> Supplied data
(* Let $\mathcal A$ be a well-structured abstract domain with functions $(\alpha,\gamma)$, and let monotone abstract operators $\llbracket e\rrbracket^\#:\mathcal A\to\mathcal A$ be given for each basic command $e$. Consider the induced Hoare-type proof system described in the context. (1) If $\llbracket e\rrbracket^\#$ is a sound abstraction of $\llbracket e\rrbracket$ for each basic command $e$, then the proof system is sound: $\vdash\{a\}S\{b\}$ implies $\models\{a\}S\{b\}$. (2) If $\llbracket e\rrbracket^\#$ is a complete abstraction of $\llbracket e\rrbracket$ for each basic command $e$, then the proof system is sound and relatively complete: $\vdash\{a\}S\{b\}$ iff $\models\{a\}S\{b\}$, for all $a,b\in\mathcal A$ and programs $S$.
   Context: Fix a finite set $V$ of quantum variables, each a qubit with state space $\mathcal H_q\cong\mathbb C^2$; for $W\subseteq V$, $\mathcal H_W=\bigotimes_{q\in W}\mathcal H_q$. Operators and subspaces on $\mathcal H_W$ are identified with their cylindrical extensions to $\mathcal H_V$, and a subspace is identified with its orthogonal projector; $P^\perp$ is the orthocomplement. $\mathcal D(\mathcal H_V)$ is the set of partial density operators (positive, trace $\le1$). Programs: $S::=\mathbf{skip}\mid \bar q:=|0\rangle\mid \bar q\mathrel{*{=}}U\mid \mathbf{assert}\ P[\bar q]\mid S_0;S_1\mid \mathbf{if}\ P[\bar q]\ \mathbf{then}\ S_1\ \mathbf{else}\ S_0\ \mathbf{end}\mid\mathbf{while}\ P[\bar q]\ \mathbf{do}\ S\ \mathbf{end}$, with $\bar q=q_1,\dots,q_t$ distinct variables, $U$ unitary on $\mathcal H_{\bar q}$, $P$ a subspace of $\mathcal H_{\bar q}$; the first four forms are the basic commands. Semantics $\llbracket S\rrbracket:\mathcal D(\mathcal H_V)\to\mathcal D(\mathcal H_V)$: $\llbracket\mathbf{skip}\rrbracket(\rho)=\rho$; $\llbracket\bar q:=|0\rangle\rrbracket(\rho)=\sum_{i=0}^{2^t-1}|0\rangle_{\bar q}\langle i|\rho|i\rangle_{\bar q}\langle0|$; $\llbracket\bar q\mathrel{*{=}}U\rrbracket(\rho)=U\rho U^\dagger$; $\llbracket\mathbf{assert}\ P[\bar q]\rrbracket(\rho)=P\rho P$; $\llbracket S_0;S_1\rrbracket=\llbracket S_1\rrbracket\circ\llbracket S_0\rrbracket$; $\llbracket\mathbf{if}\ P[\bar q]\ \mathbf{then}\ S_1\ \mathbf{else}\ S_0\ \mathbf{end}\rrbracket(\rho)=\llbracket\mathbf{assert}\ P[\bar q];S_1\rrbracket(\rho)+\llbracket\mathbf{assert}\ P^\perp[\bar q];S_0\rrbracket(\rho)$; $\llbracket\mathbf{while}\ P[\bar q]\ \mathbf{do}\ S\ \mathbf{end}\rrbracket(\rho)=\sum_{i\ge0}\llbracket(\mathbf{assert}\ P[\bar q];S)^i;\mathbf{assert}\ P^\perp[\bar q]\rrbracket(\rho)$, where $T^i$ is $i$-fold sequential composition ($T^0=\mathbf{skip}$). The concrete domain is $\mathcal Q=2^{\mathcal D(\mathcal H_V)}$ ordered by inclusion, and $\llbracket S\rrbracket(R)=\{\llbracket S\rrbracket(\rho):\rho\in R\}$. A pair of monotone maps $(\alpha,\gamma)$ between posets is a Galois connection if $c\le\gamma(a)\iff\alpha(c)\le a$, and a Galois embedding if moreover $\alpha\circ\gamma=\mathrm{id}$. A complete lattice $(\mathcal A,\le_{\mathcal A},\vee,\wedge,\bot,\top)$ with monotone $\alpha:\mathcal Q\to\mathcal A$, $\gamma:\mathcal A\to\mathcal Q$ is a well-structured abstract domain if (a) $(\alpha,\gamma)$ is a Galois embedding, and (b) for any family $\rho_i\in\mathcal D(\mathcal H_V)$ and reals $x_i>0$ with $\sum_i x_i\rho_i\in\mathcal D(\mathcal H_V)$, $\alpha(\sum_i x_i\rho_i)=\bigvee_i\alpha(\rho_i)$, where $\alpha(\rho)=\alpha(\{\rho\})$. For $f:\mathcal Q\to\mathcal Q$, $f^\#:\mathcal A\to\mathcal A$ is a sound abstraction if $\alpha\circ f\le_{\mathcal A}f^\#\circ\alpha$ pointwise, a complete abstraction if $\alpha\circ f=f^\#\circ\alpha$. Induced Hoare system: assertions are elements of $\mathcal A$; a triple $\{a\}S\{b\}$ is valid, $\models\{a\}S\{b\}$, iff $\llbracket S\rrbracket(\gamma(a))\subseteq\gamma(b)$. Derivability $\vdash\{a\}S\{b\}$ is w.r.t. the rules: (Exp) $\{a\}e\{\llbracket e\rrbracket^\#(a)\}$ for every basic command $e$; (Seq) from $\{a\}S_0\{a'\}$ and $\{a'\}S_1\{b\}$ infer $\{a\}S_0;S_1\{b\}$; (Imp) from $a\le_{\mathcal A}a'$, $\{a'\}S\{b'\}$, $b'\le_{\mathcal A}b$ infer $\{a\}S\{b\}$; (Meas) from $\{a\}\mathbf{assert}\ P[\bar q];S_1\{b_1\}$ and $\{a\}\mathbf{assert}\ P^\perp[\bar q];S_0\{b_0\}$ infer $\{a\}\mathbf{if}\ P[\bar q]\ \mathbf{then}\ S_1\ \mathbf{else}\ S_0\ \mathbf{end}\{b_0\vee b_1\}$; (While) from $\{a\}\mathbf{assert}\ P[\bar q];S\{a\}$ and $\{a\}\mathbf{assert}\ P^\perp[\bar q]\{b\}$ infer $\{a\}\mathbf{while}\ P[\bar q]\ \mathbf{do}\ S\ \mathbf{end}\{b\}$. *)

theory Defs
  imports "HOL-Analysis.Analysis"
begin

text \<open>Quantum variables form a finite type 'v (the set V = UNIV). A computational basis
state of H_V is an assignment 'v => bool, so H_V = C^(2^|V|). Operators on H_V are
matrices indexed by basis states: entry A $ i $ j = <i|A|j>.\<close>

type_synonym 'v qop = "complex ^ ('v \<Rightarrow> bool) ^ ('v \<Rightarrow> bool)"

text \<open>Local operators on H_qs for a register qs = [q1,...,qt]: matrices indexed by
bool lists of length t (bit k is the value of q_(k+1)); values at other lists are irrelevant.\<close>

type_synonym lop = "bool list \<Rightarrow> bool list \<Rightarrow> complex"

definition lists_len :: "nat \<Rightarrow> bool list set" where
  "lists_len t = {z. length z = t}"

definition cyl :: "'v list \<Rightarrow> lop \<Rightarrow> ('v::finite) qop" where
  "cyl qs A = (\<chi> i j. if (\<forall>v. v \<notin> set qs \<longrightarrow> i v = j v)
                        then A (map i qs) (map j qs) else 0)"

definition adj :: "('v::finite) qop \<Rightarrow> 'v qop" where
  "adj A = (\<chi> i j. cnj (A $ j $ i))"

definition lunitary :: "nat \<Rightarrow> lop \<Rightarrow> bool" where
  "lunitary t U \<longleftrightarrow>
     (\<forall>x\<in>lists_len t. \<forall>y\<in>lists_len t.
        (\<Sum>z\<in>lists_len t. cnj (U z x) * U z y) = (if x = y then 1 else 0)) \<and>
     (\<forall>x\<in>lists_len t. \<forall>y\<in>lists_len t.
        (\<Sum>z\<in>lists_len t. U x z * cnj (U y z)) = (if x = y then 1 else 0))"

text \<open>A subspace of H_qs, identified with its orthogonal projector.\<close>
definition lprojector :: "nat \<Rightarrow> lop \<Rightarrow> bool" where
  "lprojector t P \<longleftrightarrow>
     (\<forall>x\<in>lists_len t. \<forall>y\<in>lists_len t. P x y = cnj (P y x)) \<and>
     (\<forall>x\<in>lists_len t. \<forall>y\<in>lists_len t. (\<Sum>z\<in>lists_len t. P x z * P z y) = P x y)"

definition lcompl :: "lop \<Rightarrow> lop" where
  "lcompl P = (\<lambda>x y. (if x = y then 1 else 0) - P x y)"

definition psd :: "('v::finite) qop \<Rightarrow> bool" where
  "psd A \<longleftrightarrow> (\<forall>x :: complex ^ ('v \<Rightarrow> bool).
      Im (\<Sum>i\<in>UNIV. \<Sum>j\<in>UNIV. cnj (x $ i) * A $ i $ j * x $ j) = 0 \<and>
      Re (\<Sum>i\<in>UNIV. \<Sum>j\<in>UNIV. cnj (x $ i) * A $ i $ j * x $ j) \<ge> 0)"

definition Dens :: "('v::finite) qop set" where
  "Dens = {\<rho>. psd \<rho> \<and> Re (trace \<rho>) \<le> 1}"

datatype 'v prog =
    Skip
  | Init "'v list"
  | Apply "'v list" lop
  | Assert "'v list" lop
  | Seq "'v prog" "'v prog"
  | If "'v list" lop "'v prog" "'v prog"
  | While "'v list" lop "'v prog"

fun basic :: "'v prog \<Rightarrow> bool" where
  "basic Skip = True"
| "basic (Init qs) = True"
| "basic (Apply qs U) = True"
| "basic (Assert qs P) = True"
| "basic _ = False"

fun wf_prog :: "'v prog \<Rightarrow> bool" where
  "wf_prog Skip = True"
| "wf_prog (Init qs) = (qs \<noteq> [] \<and> distinct qs)"
| "wf_prog (Apply qs U) = (qs \<noteq> [] \<and> distinct qs \<and> lunitary (length qs) U)"
| "wf_prog (Assert qs P) = (qs \<noteq> [] \<and> distinct qs \<and> lprojector (length qs) P)"
| "wf_prog (Seq S0 S1) = (wf_prog S0 \<and> wf_prog S1)"
| "wf_prog (If qs P S1 S0) =
     (qs \<noteq> [] \<and> distinct qs \<and> lprojector (length qs) P \<and> wf_prog S1 \<and> wf_prog S0)"
| "wf_prog (While qs P S) =
     (qs \<noteq> [] \<and> distinct qs \<and> lprojector (length qs) P \<and> wf_prog S)"

definition ket0bra :: "nat \<Rightarrow> bool list \<Rightarrow> lop" where
  "ket0bra t i = (\<lambda>x y. if x = replicate t False \<and> y = i then 1 else 0)"

definition assert_op :: "'v list \<Rightarrow> lop \<Rightarrow> ('v::finite) qop \<Rightarrow> 'v qop" where
  "assert_op qs P \<rho> = cyl qs P ** \<rho> ** cyl qs P"

fun sem :: "'v prog \<Rightarrow> ('v::finite) qop \<Rightarrow> 'v qop" where
  "sem Skip \<rho> = \<rho>"
| "sem (Init qs) \<rho> =
     (\<Sum>i\<in>lists_len (length qs).
        cyl qs (ket0bra (length qs) i) ** \<rho> ** adj (cyl qs (ket0bra (length qs) i)))"
| "sem (Apply qs U) \<rho> = cyl qs U ** \<rho> ** adj (cyl qs U)"
| "sem (Assert qs P) \<rho> = assert_op qs P \<rho>"
| "sem (Seq S0 S1) \<rho> = sem S1 (sem S0 \<rho>)"
| "sem (If qs P S1 S0) \<rho> = sem S1 (assert_op qs P \<rho>) + sem S0 (assert_op qs (lcompl P) \<rho>)"
| "sem (While qs P S) \<rho> =
     (\<Sum>k. assert_op qs (lcompl P) (((\<lambda>\<sigma>. sem S (assert_op qs P \<sigma>)) ^^ k) \<rho>))"

text \<open>Concrete domain Q = subsets of Dens, ordered by inclusion. alpha is only
meaningful on subsets of Dens; gamma must land in Q.\<close>

definition well_structured ::
  "(('v::finite) qop set \<Rightarrow> 'a::complete_lattice) \<Rightarrow> ('a \<Rightarrow> 'v qop set) \<Rightarrow> bool" where
  "well_structured \<alpha> \<gamma> \<longleftrightarrow>
     (\<forall>a. \<gamma> a \<subseteq> Dens) \<and>
     (\<forall>c c'. c \<subseteq> c' \<and> c' \<subseteq> Dens \<longrightarrow> \<alpha> c \<le> \<alpha> c') \<and>
     mono \<gamma> \<and>
     (\<forall>c a. c \<subseteq> Dens \<longrightarrow> (c \<subseteq> \<gamma> a \<longleftrightarrow> \<alpha> c \<le> a)) \<and>
     (\<forall>a. \<alpha> (\<gamma> a) = a) \<and>
     (\<forall>(I::nat set) (\<rho>::nat \<Rightarrow> 'v qop) (x::nat \<Rightarrow> real) \<sigma>.
        (\<forall>i\<in>I. \<rho> i \<in> Dens \<and> x i > 0) \<and>
        ((\<lambda>i. x i *\<^sub>R \<rho> i) has_sum \<sigma>) I \<and> \<sigma> \<in> Dens \<longrightarrow>
        \<alpha> {\<sigma>} = (SUP i\<in>I. \<alpha> {\<rho> i}))"

definition sound_abs ::
  "(('v::finite) qop set \<Rightarrow> 'a::complete_lattice) \<Rightarrow> ('v qop \<Rightarrow> 'v qop) \<Rightarrow> ('a \<Rightarrow> 'a) \<Rightarrow> bool" where
  "sound_abs \<alpha> f fa \<longleftrightarrow> (\<forall>c. c \<subseteq> Dens \<longrightarrow> \<alpha> (f ` c) \<le> fa (\<alpha> c))"

definition complete_abs ::
  "(('v::finite) qop set \<Rightarrow> 'a::complete_lattice) \<Rightarrow> ('v qop \<Rightarrow> 'v qop) \<Rightarrow> ('a \<Rightarrow> 'a) \<Rightarrow> bool" where
  "complete_abs \<alpha> f fa \<longleftrightarrow> (\<forall>c. c \<subseteq> Dens \<longrightarrow> \<alpha> (f ` c) = fa (\<alpha> c))"

definition valid :: "('a \<Rightarrow> ('v::finite) qop set) \<Rightarrow> 'a \<Rightarrow> 'v prog \<Rightarrow> 'a \<Rightarrow> bool" where
  "valid \<gamma> a S b \<longleftrightarrow> sem S ` \<gamma> a \<subseteq> \<gamma> b"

> How to complete this task
Using the records above, restate word for word the lines from the one with "theory Defs" through the one with "matrices indexed by basis", both included.

> Output of the task
theory Defs
  imports "HOL-Analysis.Analysis"
begin

text \<open>Quantum variables form a finite type 'v (the set V = UNIV). A computational basis
state of H_V is an assignment 'v => bool, so H_V = C^(2^|V|). Operators on H_V are
matrices indexed by basis states: entry A $ i $ j = <i|A|j>.\<close>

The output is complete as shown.